ASSIGNMENT
Across the records below, how many lines include the string "assumes"? Respond with the number only.

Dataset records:
# # # #
lemma fcodeg_3mod4_A:
  assumes "q = 4*u+3" "1 \<le> k" "k \<le> u"
  shows "fcodeg q (A k) = (real q - 1) / 2"
proof -
  have "\<not> even q" "q mod 4 = 3" using assms by auto
  have "(\<Sum>c=1..u. (cmod (ftable q (Xp c) (A k)))\<^sup>2)
      = (\<Sum>c=1..u. (cmod (zeta (q-1) (int (2*k*c)) + zeta (q-1) (- int (2*k*c))))\<^sup>2)"
    using \<open>\<not> even q\<close> \<open>q mod 4 = 3\<close> by (simp add: ftable_def)
  also have "\<dots> = 2 * real u - 1"
  proof (rule sum_norm_zeta_pairs_sq_odd)
    have "2*(2*k)*(2*u+1) = 2*k*(q-1)" using assms by simp
    then show "q-1 dvd 2*(2*k)*(2*u+1)" by (simp only: dvd_triv_right)
    show "\<not> q-1 dvd 2*(2*k)" using assms by (intro nat_dvd_not_less) auto
  qed (use assms in simp)
  finally have "fcodeg q (A k) = 1 + 1 + 2 * real u - 1"
    using \<open>\<not> even q\<close> \<open>q mod 4 = 3\<close>
    unfolding fcodeg_def sum_frows_3mod4[OF assms(1)] by (simp add: ftable_def)
  then show ?thesis using assms(1) by simp
qed

lemma fcodeg_3mod4_B:
  assumes "q = 4*u+3" "1 \<le> k" "k \<le> u"
  shows "fcodeg q (B k) = (real q + 1) / 2"
proof -
  have "\<not> even q" "q mod 4 = 3" using assms by auto
  have "(\<Sum>c=1..u. (cmod (ftable q (Xm c) (B k)))\<^sup>2)
      = (\<Sum>c=1..u. (cmod (zeta (q+1) (int (2*k*c)) + zeta (q+1) (- int (2*k*c))))\<^sup>2)"
    using \<open>\<not> even q\<close> \<open>q mod 4 = 3\<close> by (simp add: ftable_def norm_uminus_diff)
  also have "\<dots> = 2 * real u - 2"
  proof (rule sum_norm_zeta_pairs_sq_even)
    have "2*(2*k)*(u+1) = k*(q+1)" using assms by (simp add: algebra_simps)
    then show "q+1 dvd 2*(2*k)*(u+1)" by (simp only: dvd_triv_right)
    show "\<not> q+1 dvd 2*(2*k)" using assms by (intro nat_dvd_not_less) auto
  qed simp
  finally have "fcodeg q (B k) = 1 + 1 + 1 + 1 + 2 * real u - 2"
    using \<open>\<not> even q\<close> \<open>q mod 4 = 3\<close>
    unfolding fcodeg_def sum_frows_3mod4[OF assms(1)] by (simp add: ftable_def norm_power)
  then show ?thesis using assms(1) by simp
qed

lemma fcodeg_3mod4_E:
  assumes "q = 4*u+3"
  shows "fcodeg q E = real q + 1"
proof -
  have "\<not> even q" "q mod 4 = 3" using assms by auto
  then have "fcodeg q E = 1 + 1 + 1 + 1 + 4 * real u"
    unfolding fcodeg_def sum_frows_3mod4[OF assms(1)] by (simp add: ftable_def norm_power norm_mult)
  then show ?thesis using assms(1) by simp
qed

lemma fcodeg_1mod4_D:
  assumes "q = 4*u+1" "1 \<le> u" "k \<in> {1,2}"
  shows "fcodeg q (D k) = real q"
proof -
  have "\<not> even q" "q mod 4 = 1" using assms by auto
  then have "ftable q (Xh 1) (D k) = (1 + (-1)^(k+1) * complex_of_real (sqrt (real q))) / 2"
    "ftable q (Xh 2) (D k) = (1 + (-1)^(k+1+1) * complex_of_real (sqrt (real q))) / 2"
    by (simp_all add: ftable_def)
  then have Xh: "(cmod (ftable q (Xh 1) (D k)))\<^sup>2 + (cmod (ftable q (Xh 2) (D k)))\<^sup>2 = (1 + real q) / 2"
    by (simp only: norm_sq_one_plus_sqrt_pair[OF of_nat_0_le_iff])
  have "fcodeg q (D k) = (cmod (ftable q X1 (D k)))\<^sup>2 + (cmod (ftable q Xq (D k)))\<^sup>2
      + ((cmod (ftable q (Xh 1) (D k)))\<^sup>2 + (cmod (ftable q (Xh 2) (D k)))\<^sup>2)
      + (\<Sum>c=1..u. (cmod (ftable q (Xm c) (D k)))\<^sup>2) + (\<Sum>c=1..u-1. (cmod (ftable q (Xp c) (D k)))\<^sup>2)"
    unfolding fcodeg_def sum_frows_1mod4[OF assms(1,2)] by (simp only: add.assoc)
  also have "\<dots> = 1 + (1 + real q) / 2 + real u + real (u-1)"
    using \<open>\<not> even q\<close> \<open>q mod 4 = 1\<close> unfolding Xh by (simp add: ftable_def)
  finally show ?thesis using assms(1,2) by (simp add: of_nat_diff)
qed

lemma fcodeg_1mod4_A:
  assumes "q = 4*u+1" "1 \<le> k" "k \<le> u - 1"
  shows "fcodeg q (A k) = (real q - 1) / 2"
proof -
  have "1 \<le> u" using assms by simp
  have "\<not> even q" "q mod 4 = 1" using assms by auto
  have "(\<Sum>c=1..u-1. (cmod (ftable q (Xp c) (A k)))\<^sup>2)
      = (\<Sum>c=1..u-1. (cmod (zeta (q-1) (int (2*k*c)) + zeta (q-1) (- int (2*k*c))))\<^sup>2)"
    using \<open>\<not> even q\<close> \<open>q mod 4 = 1\<close> by (simp add: ftable_def)
  also have "\<dots> = 2 * real (u-1) - 2"
  proof (rule sum_norm_zeta_pairs_sq_even)
    have "2*(2*k)*(u-1+1) = k*(q-1)" using assms \<open>1 \<le> u\<close> by (simp add: algebra_simps)
    then show "q-1 dvd 2*(2*k)*(u-1+1)" by (simp only: dvd_triv_right)
    show "\<not> q-1 dvd 2*(2*k)" using assms by (intro nat_dvd_not_less) auto
  qed (use assms in simp)
  finally have "fcodeg q (A k) = 1 + 1 + 1 + 1 + 2 * real (u-1) - 2"
    using \<open>\<not> even q\<close> \<open>q mod 4 = 1\<close>
    unfolding fcodeg_def sum_frows_1mod4[OF assms(1) \<open>1 \<le> u\<close>] by (simp add: ftable_def norm_power)
  then show ?thesis using assms(1) \<open>1 \<le> u\<close> by (simp add: of_nat_diff)
qed

lemma fcodeg_1mod4_B:
  assumes "q = 4*u+1" "1 \<le> k" "k \<le> u"
  shows "fcodeg q (B k) = (real q + 1) / 2"
proof -
  have "1 \<le> u" using assms by simp
  have "\<not> even q" "q mod 4 = 1" using assms by auto
  have "(\<Sum>c=1..u. (cmod (ftable q (Xm c) (B k)))\<^sup>2)
      = (\<Sum>c=1..u. (cmod (zeta (q+1) (int (2*k*c)) + zeta (q+1) (- int (2*k*c))))\<^sup>2)"
    using \<open>\<not> even q\<close> \<open>q mod 4 = 1\<close> by (simp add: ftable_def norm_uminus_diff)
  also have "\<dots> = 2 * real u - 1"
  proof (rule sum_norm_zeta_pairs_sq_odd)
    have "2*(2*k)*(2*u+1) = 2*k*(q+1)" using assms by (simp add: algebra_simps)
    then show "q+1 dvd 2*(2*k)*(2*u+1)" by (simp only: dvd_triv_right)
    show "\<not> q+1 dvd 2*(2*k)" using assms by (intro nat_dvd_not_less) auto
  qed simp
  finally have "fcodeg q (B k) = 1 + 1 + 2 * real u - 1"
    using \<open>\<not> even q\<close> \<open>q mod 4 = 1\<close>
    unfolding fcodeg_def sum_frows_1mod4[OF assms(1) \<open>1 \<le> u\<close>] by (simp add: ftable_def)
  then show ?thesis using assms(1) by simp
qed

lemma fcodeg_1mod4_E:
  assumes "q = 4*u+1" "1 \<le> u"
  shows "fcodeg q E = real q - 1"
proof -
  have "\<not> even q" "q mod 4 = 1" using assms by auto
  then have "fcodeg q E = 1 + 1 + 1 + 1 + 4 * real (u-1)"
    unfolding fcodeg_def sum_frows_1mod4[OF assms] by (simp add: ftable_def norm_power norm_mult)
  then show ?thesis using assms by (simp add: of_nat_diff)
qed

section \<open>The columns other than \<open>C0\<close>\<close>

lemma inverse_sq_le_inverse_sq:
  fixes a x :: real
  assumes "0 < a" "a \<le> x"
  shows "1 / x\<^sup>2 \<le> 1 / a\<^sup>2"
  using assms by (intro divide_left_mono power_mono mult_pos_pos) auto

lemma ratio_sq_le_one_eighth:
  fixes x :: real
  assumes "0 \<le> x"
  shows "x / (2*x + 1)\<^sup>2 \<le> 1/8"
proof -
  have "8 * x \<le> (2*x + 1)\<^sup>2" using zero_le_power2[of "2*x - 1"] by (simp add: power2_eq_square algebra_simps)
  then show ?thesis using assms by (simp add: field_simps add_pos_nonneg)
qed

lemma ratio_sq_le_one_sixteenth:
  fixes x :: real
  assumes "0 \<le> x"
  shows "x / (2*x + 2)\<^sup>2 \<le> 1/16"
proof -
  have "16 * x \<le> (2*x + 2)\<^sup>2" using zero_le_power2[of "x - 1"] by (simp add: power2_eq_square algebra_simps)
  then show ?thesis using assms by (simp add: field_simps add_pos_nonneg)
qed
# # # #
EXERCISE OUTPUT
10